Open-source LLM benchmark suite for medical tasks.
medmarks.ai | arXiv:2605.01417
Medmarks is a comprehensive benchmark suite for evaluating medical capabilities in large language models. It includes 30 open-source benchmarks spanning question answering, information extraction, consumer health questions, clinical reasoning, EHR interactions, medical calculations, and open-ended medical tasks.

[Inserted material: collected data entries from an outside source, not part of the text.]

text \<open>With \<open>\<lambda> = q/p = 1/(p-1)\<close>, both directions compare the growth exponent \<open>p\<close>
  with the slope exponent \<open>p - 1\<close> of the subgradients.
  (i) \<open>\<Longrightarrow>\<close> (ii): a subgradient \<open>\<xi>\<close> at \<open>x\<close> satisfies
  \<open>\<gamma> \<parallel>x - x\<^sub>0\<parallel>\<^sup>p \<le> f x - f x\<^sub>0 \<le> \<xi>(x - x\<^sub>0) \<le> \<parallel>\<xi>\<parallel> \<parallel>x - x\<^sub>0\<parallel>\<close>, so
  \<open>\<parallel>x - x\<^sub>0\<parallel>\<^sup>p\<^sup>-\<^sup>1 \<le> \<parallel>\<xi>\<parallel>/\<gamma>\<close>.
  (ii) \<open>\<Longrightarrow>\<close> (i): given \<open>x\<close> at distance \<open>r\<close>, take a norming functional of \<open>x - x\<^sub>0\<close>
  (Hahn-Banach) scaled to norm \<open>s = (r/2\<kappa>)\<^sup>p\<^sup>-\<^sup>1\<close>. Lower hemicontinuity makes it a
  subgradient at some \<open>z\<close> near \<open>x\<^sub>0\<close>, subregularity puts \<open>z\<close> within \<open>r/2\<close> of \<open>x\<^sub>0\<close>, and
  the subgradient inequality at \<open>z\<close> together with minimality of \<open>x\<^sub>0\<close> gives
  \<open>f x \<ge> f x\<^sub>0 + s r/2\<close>, which is of order \<open>r\<^sup>p\<close>.\<close>

text \<open>Hahn-Banach for the norm, proved via Zorn's lemma on graphs of partial linear
  functionals that are dominated by the norm and attain it at \<open>v\<close>.\<close>

definition norming_graph :: "'a::real_normed_vector \<Rightarrow> ('a \<times> real) set \<Rightarrow> bool" where
  "norming_graph v G \<longleftrightarrow>
     (\<forall>x a b. (x, a) \<in> G \<longrightarrow> (x, b) \<in> G \<longrightarrow> a = b)
   \<and> (\<forall>x a y b. (x, a) \<in> G \<longrightarrow> (y, b) \<in> G \<longrightarrow> (x + y, a + b) \<in> G)
   \<and> (\<forall>x a c. (x, a) \<in> G \<longrightarrow> (c *\<^sub>R x, c * a) \<in> G)
   \<and> (\<forall>x a. (x, a) \<in> G \<longrightarrow> a \<le> norm x)
   \<and> (v, norm v) \<in> G"

lemma norming_graph_span: "norming_graph v {(c *\<^sub>R v, c * norm v) | c. True}"
  (is "norming_graph v ?G")
  unfolding norming_graph_def
proof (intro conjI allI impI)
  fix x a b assume "(x, a) \<in> ?G" "(x, b) \<in> ?G"
  then obtain c d where "x = c *\<^sub>R v" "x = d *\<^sub>R v" "a = c * norm v" "b = d * norm v"
    by blast
  then show "a = b" by (cases "v = 0") (auto simp: scaleR_cancel_right)
next
  fix x a y b assume "(x, a) \<in> ?G" "(y, b) \<in> ?G"
  then obtain c d where "x = c *\<^sub>R v" "a = c * norm v" "y = d *\<^sub>R v" "b = d * norm v"
    by blast
  then have "x + y = (c + d) *\<^sub>R v" "a + b = (c + d) * norm v"
    by (auto simp: algebra_simps)
  then show "(x + y, a + b) \<in> ?G" by blast
next
  fix x a e assume "(x, a) \<in> ?G"
  then obtain c where "x = c *\<^sub>R v" "a = c * norm v" by blast
  then have "e *\<^sub>R x = (e * c) *\<^sub>R v" "e * a = (e * c) * norm v" by auto
  then show "(e *\<^sub>R x, e * a) \<in> ?G" by blast
next
  fix x a assume "(x, a) \<in> ?G"
  then show "a \<le> norm x" by (auto simp: mult_right_mono)
next
  have "v = 1 *\<^sub>R v" "norm v = 1 * norm v" by auto
  then show "(v, norm v) \<in> ?G" by blast
qed

lemma norming_graph_Union:
  assumes C: "C \<in> chains {G. norming_graph v G}" "C \<noteq> {}"
  shows "norming_graph v (\<Union>C)"
proof -
  have sub: "\<And>G. G \<in> C \<Longrightarrow> norming_graph v G"
    using C by (auto simp: chains_def)
  have two: "\<exists>G\<in>C. P \<in> G \<and> P' \<in> G" if "P \<in> \<Union>C" "P' \<in> \<Union>C" for P P'
  proof -
    from that obtain A B where "A \<in> C" "B \<in> C" "P \<in> A" "P' \<in> B" by auto
    moreover have "A \<subseteq> B \<or> B \<subseteq> A"
      using C \<open>A \<in> C\<close> \<open>B \<in> C\<close> by (auto simp: chains_def chain_subset_def)
    ultimately show ?thesis by blast
  qed
  obtain G0 where "G0 \<in> C" using C by auto
  show ?thesis unfolding norming_graph_def
  proof (intro conjI allI impI)
    fix x a b assume "(x, a) \<in> \<Union>C" "(x, b) \<in> \<Union>C"
    then obtain G where "G \<in> C" "(x, a) \<in> G" "(x, b) \<in> G" using two by blast
    then show "a = b" using sub unfolding norming_graph_def by blast
  next
    fix x a y b assume "(x, a) \<in> \<Union>C" "(y, b) \<in> \<Union>C"
    then obtain G where "G \<in> C" "(x, a) \<in> G" "(y, b) \<in> G" using two by blast
    then show "(x + y, a + b) \<in> \<Union>C" using sub unfolding norming_graph_def by blast
  next
    fix x a c assume "(x, a) \<in> \<Union>C"
    then show "(c *\<^sub>R x, c * a) \<in> \<Union>C" using sub unfolding norming_graph_def by blast
  next
    fix x a assume "(x, a) \<in> \<Union>C"
    then show "a \<le> norm x" using sub unfolding norming_graph_def by blast
  next
    show "(v, norm v) \<in> \<Union>C" using \<open>G0 \<in> C\<close> sub unfolding norming_graph_def by blast
  qed
qed

lemma norming_graph_adjoin_bound:
  fixes M :: "('a::real_normed_vector \<times> real) set"
  assumes scale: "\<And>x a c. (x, a) \<in> M \<Longrightarrow> (c *\<^sub>R x, c * a) \<in> M"
    and dominated: "\<And>x a. (x, a) \<in> M \<Longrightarrow> a \<le> norm x"
    and lower: "\<And>x a. (x, a) \<in> M \<Longrightarrow> a - norm (x - w) \<le> t"
    and upper: "\<And>x a. (x, a) \<in> M \<Longrightarrow> t \<le> norm (x + w) - a"
    and xa: "(x, a) \<in> M"
  shows "a + c * t \<le> norm (x + c *\<^sub>R w)"
proof (cases c "0::real" rule: linorder_cases)
  case less
  define d where "d = - c"
  have d: "d > 0" using less by (simp add: d_def)
  have "d *\<^sub>R (inverse d *\<^sub>R x - w) = x + c *\<^sub>R w"
    using d by (simp add: d_def algebra_simps)
  then have "a - norm (x + c *\<^sub>R w) = d * (inverse d * a - norm (inverse d *\<^sub>R x - w))"
    using d by (metis norm_scaleR abs_of_pos right_diff_distrib mult.assoc
        right_inverse mult_1 less_irrefl)
  also have "\<dots> \<le> d * t"
    using lower[OF scale[OF xa]] d by (simp add: mult_left_mono)
  finally show ?thesis by (simp add: d_def)
next
  case equal
  then show ?thesis using dominated[OF xa] by simp
next
  case greater
  have "c *\<^sub>R (inverse c *\<^sub>R x + w) = x + c *\<^sub>R w"
    using greater by (simp add: algebra_simps)
  then have "norm (x + c *\<^sub>R w) - a = c * (norm (inverse c *\<^sub>R x + w) - inverse c * a)"
    using greater by (metis norm_scaleR abs_of_pos right_diff_distrib mult.assoc
        right_inverse mult_1 less_irrefl)
  also have "\<dots> \<ge> c * t"
    using upper[OF scale[OF xa]] greater by (simp add: mult_left_mono)
  finally show ?thesis by simp
qed

lemma norming_graph_adjoin:
  assumes M: "norming_graph v M" and w: "\<forall>a. (w, a) \<notin> M"
    and lower: "\<And>x a. (x, a) \<in> M \<Longrightarrow> a - norm (x - w) \<le> t"
    and upper: "\<And>x a. (x, a) \<in> M \<Longrightarrow> t \<le> norm (x + w) - a"
  shows "norming_graph v {(x + c *\<^sub>R w, a + c * t) | x a c. (x, a) \<in> M}"
    (is "norming_graph v ?G")
proof -
  have Mf: "\<And>x a b. (x, a) \<in> M \<Longrightarrow> (x, b) \<in> M \<Longrightarrow> a = b"
   and Ma: "\<And>x a y b. (x, a) \<in> M \<Longrightarrow> (y, b) \<in> M \<Longrightarrow> (x + y, a + b) \<in> M"
   and Ms: "\<And>x a c. (x, a) \<in> M \<Longrightarrow> (c *\<^sub>R x, c * a) \<in> M"
   and Mn: "\<And>x a. (x, a) \<in> M \<Longrightarrow> a \<le> norm x"
   and Mv: "(v, norm v) \<in> M"
    using M unfolding norming_graph_def by blast+
  have unique: "c = c' \<and> x = x'"
    if "(x, a) \<in> M" "(x', a') \<in> M" "x + c *\<^sub>R w = x' + c' *\<^sub>R w" for x a x' a' c c'
  proof (cases "c = c'")
    case False
    have "(x' - x, a' - a) \<in> M" using Ma[OF that(2) Ms[OF that(1), of "-1"]] by simp
    moreover have "x' - x = (c - c') *\<^sub>R w" using that(3) by (simp add: algebra_simps)
    then have "inverse (c - c') *\<^sub>R (x' - x) = w" using False by simp
    ultimately have "(w, inverse (c - c') * (a' - a)) \<in> M" using Ms by metis
    with w show ?thesis by blast
  qed (use that in simp)
  show ?thesis unfolding norming_graph_def
  proof (intro conjI allI impI)
    fix y a b assume "(y, a) \<in> ?G" "(y, b) \<in> ?G"
    then obtain x1 a1 c1 x2 a2 c2 where "(x1, a1) \<in> M" "(x2, a2) \<in> M"
      "y = x1 + c1 *\<^sub>R w" "a = a1 + c1 * t" "y = x2 + c2 *\<^sub>R w" "b = a2 + c2 * t"
      by blast
    then show "a = b" using unique[of x1 a1 x2 a2 c1 c2] Mf by auto
  next
    fix y a y' b assume "(y, a) \<in> ?G" "(y', b) \<in> ?G"
    then obtain x1 a1 c1 x2 a2 c2 where "(x1, a1) \<in> M" "(x2, a2) \<in> M"
      "y = x1 + c1 *\<^sub>R w" "a = a1 + c1 * t" "y' = x2 + c2 *\<^sub>R w" "b = a2 + c2 * t"
      by blast
    moreover from calculation have "y + y' = (x1 + x2) + (c1 + c2) *\<^sub>R w"
      "a + b = (a1 + a2) + (c1 + c2) * t" by (auto simp: algebra_simps)
    ultimately show "(y + y', a + b) \<in> ?G" using Ma by blast
  next
    fix y a c assume "(y, a) \<in> ?G"
    then obtain x1 a1 c1 where "(x1, a1) \<in> M" "y = x1 + c1 *\<^sub>R w" "a = a1 + c1 * t"
      by blast
    moreover from calculation have "c *\<^sub>R y = c *\<^sub>R x1 + (c * c1) *\<^sub>R w"
      "c * a = c * a1 + (c * c1) * t" by (auto simp: algebra_simps)
    ultimately show "(c *\<^sub>R y, c * a) \<in> ?G" using Ms by blast
  next
    fix y a assume "(y, a) \<in> ?G"
    then obtain x a1 c where "(x, a1) \<in> M" "y = x + c *\<^sub>R w" "a = a1 + c * t"
      by blast
    then show "a \<le> norm y"
      using norming_graph_adjoin_bound[of M w t, OF Ms Mn lower upper] by simp
  next
    have "(v + 0 *\<^sub>R w, norm v + 0 * t) \<in> ?G" using Mv by blast
    then show "(v, norm v) \<in> ?G" by simp
  qed
qed

text \<open>The admissible values \<open>t\<close> for the new direction \<open>w\<close> form a nonempty interval by the
  triangle inequality; its left end point is taken.\<close>

lemma norming_graph_extend:
  assumes M: "norming_graph v M" and w: "\<forall>a. (w, a) \<notin> M"
  shows "\<exists>G. norming_graph v G \<and> M \<subset> G"
proof -
  have Ma: "\<And>x a y b. (x, a) \<in> M \<Longrightarrow> (y, b) \<in> M \<Longrightarrow> (x + y, a + b) \<in> M"
   and Mn: "\<And>x a. (x, a) \<in> M \<Longrightarrow> a \<le> norm x"
   and M0: "(0, 0) \<in> M"
    using M unfolding norming_graph_def by (blast, blast, metis mult_zero_left scaleR_zero_left)
  have sep: "a - norm (x - w) \<le> norm (y + w) - b" if "(x, a) \<in> M" "(y, b) \<in> M" for x a y b
  proof -
    have "a + b \<le> norm ((x - w) + (y + w))" using Mn[OF Ma[OF that]] by simp
    also have "\<dots> \<le> norm (x - w) + norm (y + w)" by (rule norm_triangle_ineq)
    finally show ?thesis by simp
  qed
  define S where "S = {a - norm (x - w) | x a. (x, a) \<in> M}"
  define t where "t = Sup S"
  have S_ne: "S \<noteq> {}" using M0 unfolding S_def by blast
  have S_bdd: "bdd_above S" unfolding S_def bdd_above_def using sep[OF _ M0] by auto
  have lower: "a - norm (x - w) \<le> t" if "(x, a) \<in> M" for x a
    unfolding t_def by (rule cSup_upper[OF _ S_bdd]) (use that S_def in blast)
  have upper: "t \<le> norm (y + w) - b" if "(y, b) \<in> M" for y b
    unfolding t_def by (rule cSup_least[OF S_ne]) (use sep[OF _ that] S_def in blast)
  let ?G = "{(x + c *\<^sub>R w, a + c * t) | x a c. (x, a) \<in> M}"
  have "M \<subseteq> ?G"
  proof
    fix P assume "P \<in> M"
    moreover obtain x a where "P = (x, a)" by fastforce
    moreover have "(x + 0 *\<^sub>R w, a + 0 * t) \<in> ?G" if "(x, a) \<in> M" using that by blast
    ultimately show "P \<in> ?G" by simp
  qed
  moreover have "(w, t) \<in> ?G"
  proof -
    have "(0 + 1 *\<^sub>R w, 0 + 1 * t) \<in> ?G" using M0 by blast
    then show ?thesis by simp
  qed
  ultimately show ?thesis using norming_graph_adjoin[OF M w lower upper] w by blast
qed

This repository contains the runnable benchmark environments, evaluation configs, result processing tools, and win-rate analysis pipeline used for Medmarks. It also contains the medarc_verifiers Python library, which provides the shared CLI, parsers, rewards, judging utilities, and orchestration helpers used by the benchmark environments.
Medmarks is organized into three practical subsets:
| Subset | Description |
|---|---|
| Medmarks-V | Verifiable tasks, including multiple-choice QA and other tasks with deterministic or programmatic grading |
| Medmarks-OE | Open-ended tasks evaluated with LLM-as-a-Judge |
| Medmarks-T | Experimental training-capable environments with train/test splits for post-training and RL experiments |
The benchmark suite is implemented as verifiers environments under environments/. The main runnable suite configs are:
| Config | Purpose |
|---|---|
configs/medmarks-verified.toml |
Medmarks-V suite |
configs/medmarks-open_ended.toml |
Medmarks-OE suite |
configs/medmarks-endpoints.toml |
Portable model aliases and sampling defaults for Medmarks runs |
configs/medmarks-smoke.toml |
Small Medmarks-V sanity-check run |
uv venv --python 3.12
source .venv/bin/activate
uv syncRun a single benchmark:
uv run medarc-eval medqa -m openai/gpt-4.1-mini -n 25Run a Medmarks suite config:
uv run medarc-eval bench --config configs/medmarks-verified.tomlRun a Medmarks suite with one of the published model aliases:
uv run medarc-eval bench \
--config configs/medmarks-verified.toml \
--endpoints-path configs/medmarks-endpoints.toml \
-m gpt-oss-20b-low \
--api-base-url https://api.pinference.ai/api/v1 \
--api-key-var PRIME_API_KEYconfigs/medmarks-endpoints.toml is an alias registry, not a deployment config. It maps names such as gpt-oss-20b-low or medgemma-27b-text to provider model IDs, client types, and model-specific sampling defaults. It intentionally omits url, key, and max_concurrent; supply those with --provider or with --api-base-url and --api-key-var for your deployment. The gpt-oss aliases use the Verifiers openai_responses client type.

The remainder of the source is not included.